-- Task description --
Counting from the line that holds "simp: p_def field_simps)", return each line exactly, through and including the last line of the entries.
[Opening Material to process section]
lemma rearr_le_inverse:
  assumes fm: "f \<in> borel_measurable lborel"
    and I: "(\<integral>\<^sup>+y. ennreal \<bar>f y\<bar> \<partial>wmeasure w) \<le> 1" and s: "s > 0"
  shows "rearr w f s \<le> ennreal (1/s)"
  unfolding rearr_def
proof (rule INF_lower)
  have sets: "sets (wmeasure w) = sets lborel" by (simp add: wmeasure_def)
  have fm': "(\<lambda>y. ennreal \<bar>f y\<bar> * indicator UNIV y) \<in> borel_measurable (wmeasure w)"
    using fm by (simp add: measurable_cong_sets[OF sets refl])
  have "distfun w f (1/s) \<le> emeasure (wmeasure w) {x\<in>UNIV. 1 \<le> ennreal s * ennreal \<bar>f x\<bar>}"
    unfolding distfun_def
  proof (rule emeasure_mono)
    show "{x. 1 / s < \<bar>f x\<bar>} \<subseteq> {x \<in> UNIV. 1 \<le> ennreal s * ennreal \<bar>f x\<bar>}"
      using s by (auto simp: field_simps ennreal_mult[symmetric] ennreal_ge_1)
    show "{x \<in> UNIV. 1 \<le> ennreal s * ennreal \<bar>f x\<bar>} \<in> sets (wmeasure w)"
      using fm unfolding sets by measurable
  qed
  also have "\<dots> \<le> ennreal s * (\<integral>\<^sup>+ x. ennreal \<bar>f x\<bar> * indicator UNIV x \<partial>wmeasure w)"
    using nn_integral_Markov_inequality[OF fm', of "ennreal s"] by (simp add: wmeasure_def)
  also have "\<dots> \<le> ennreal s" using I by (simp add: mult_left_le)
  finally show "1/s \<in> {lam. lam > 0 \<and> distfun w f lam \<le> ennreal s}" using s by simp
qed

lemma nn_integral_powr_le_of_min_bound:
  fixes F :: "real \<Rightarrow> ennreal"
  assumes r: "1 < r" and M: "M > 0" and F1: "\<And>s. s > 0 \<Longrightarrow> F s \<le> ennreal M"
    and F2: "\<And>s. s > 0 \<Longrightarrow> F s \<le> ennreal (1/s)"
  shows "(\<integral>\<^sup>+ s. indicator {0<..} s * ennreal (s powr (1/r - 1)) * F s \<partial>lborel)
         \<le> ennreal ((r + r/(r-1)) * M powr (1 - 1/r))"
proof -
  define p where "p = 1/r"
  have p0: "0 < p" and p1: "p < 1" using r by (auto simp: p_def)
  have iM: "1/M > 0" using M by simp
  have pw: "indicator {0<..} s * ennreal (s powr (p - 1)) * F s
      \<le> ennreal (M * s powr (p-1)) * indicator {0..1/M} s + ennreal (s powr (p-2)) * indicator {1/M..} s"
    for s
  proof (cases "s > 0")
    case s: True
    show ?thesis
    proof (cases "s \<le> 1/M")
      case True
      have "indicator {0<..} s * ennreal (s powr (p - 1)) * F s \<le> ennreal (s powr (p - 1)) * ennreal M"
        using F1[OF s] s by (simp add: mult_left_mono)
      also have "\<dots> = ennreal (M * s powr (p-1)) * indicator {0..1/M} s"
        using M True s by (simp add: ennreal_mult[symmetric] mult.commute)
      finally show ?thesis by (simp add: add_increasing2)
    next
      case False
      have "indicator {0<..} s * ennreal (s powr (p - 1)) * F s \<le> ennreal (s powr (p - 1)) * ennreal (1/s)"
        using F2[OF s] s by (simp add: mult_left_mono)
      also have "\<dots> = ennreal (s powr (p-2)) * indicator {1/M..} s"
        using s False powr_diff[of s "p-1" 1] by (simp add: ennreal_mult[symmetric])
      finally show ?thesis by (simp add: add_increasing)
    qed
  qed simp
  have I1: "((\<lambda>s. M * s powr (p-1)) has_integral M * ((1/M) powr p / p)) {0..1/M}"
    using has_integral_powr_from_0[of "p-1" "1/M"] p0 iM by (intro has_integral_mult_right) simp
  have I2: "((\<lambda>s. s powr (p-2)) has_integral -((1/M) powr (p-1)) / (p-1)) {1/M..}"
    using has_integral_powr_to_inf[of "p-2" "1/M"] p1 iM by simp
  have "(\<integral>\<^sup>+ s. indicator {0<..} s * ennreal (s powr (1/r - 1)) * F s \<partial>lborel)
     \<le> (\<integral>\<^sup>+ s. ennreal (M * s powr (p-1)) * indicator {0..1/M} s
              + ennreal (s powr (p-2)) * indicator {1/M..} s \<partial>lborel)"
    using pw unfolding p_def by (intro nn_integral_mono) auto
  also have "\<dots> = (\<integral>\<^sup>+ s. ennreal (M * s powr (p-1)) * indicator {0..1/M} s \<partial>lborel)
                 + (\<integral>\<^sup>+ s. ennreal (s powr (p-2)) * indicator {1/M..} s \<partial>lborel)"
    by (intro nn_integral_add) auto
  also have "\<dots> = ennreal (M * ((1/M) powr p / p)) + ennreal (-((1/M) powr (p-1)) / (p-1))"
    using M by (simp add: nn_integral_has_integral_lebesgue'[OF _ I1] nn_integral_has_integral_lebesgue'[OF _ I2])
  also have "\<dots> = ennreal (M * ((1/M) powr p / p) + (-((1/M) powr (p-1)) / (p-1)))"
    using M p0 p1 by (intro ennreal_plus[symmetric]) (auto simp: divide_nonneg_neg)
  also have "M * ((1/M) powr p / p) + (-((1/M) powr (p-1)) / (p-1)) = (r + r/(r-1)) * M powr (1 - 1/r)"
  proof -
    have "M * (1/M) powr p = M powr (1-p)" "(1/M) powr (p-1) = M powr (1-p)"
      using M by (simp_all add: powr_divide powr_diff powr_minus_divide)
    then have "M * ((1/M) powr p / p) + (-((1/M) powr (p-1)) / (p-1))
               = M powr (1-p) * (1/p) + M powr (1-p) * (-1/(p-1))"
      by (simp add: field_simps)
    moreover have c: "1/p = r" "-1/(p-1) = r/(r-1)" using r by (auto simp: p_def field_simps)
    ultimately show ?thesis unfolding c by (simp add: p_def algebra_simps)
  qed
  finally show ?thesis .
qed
[Closing Material to process section]
-- Answer to this task --
    moreover have c: "1/p = r" "-1/(p-1) = r/(r-1)" using r by (auto simp: p_def field_simps)
    ultimately show ?thesis unfolding c by (simp add: p_def algebra_simps)
  qed
  finally show ?thesis .
qed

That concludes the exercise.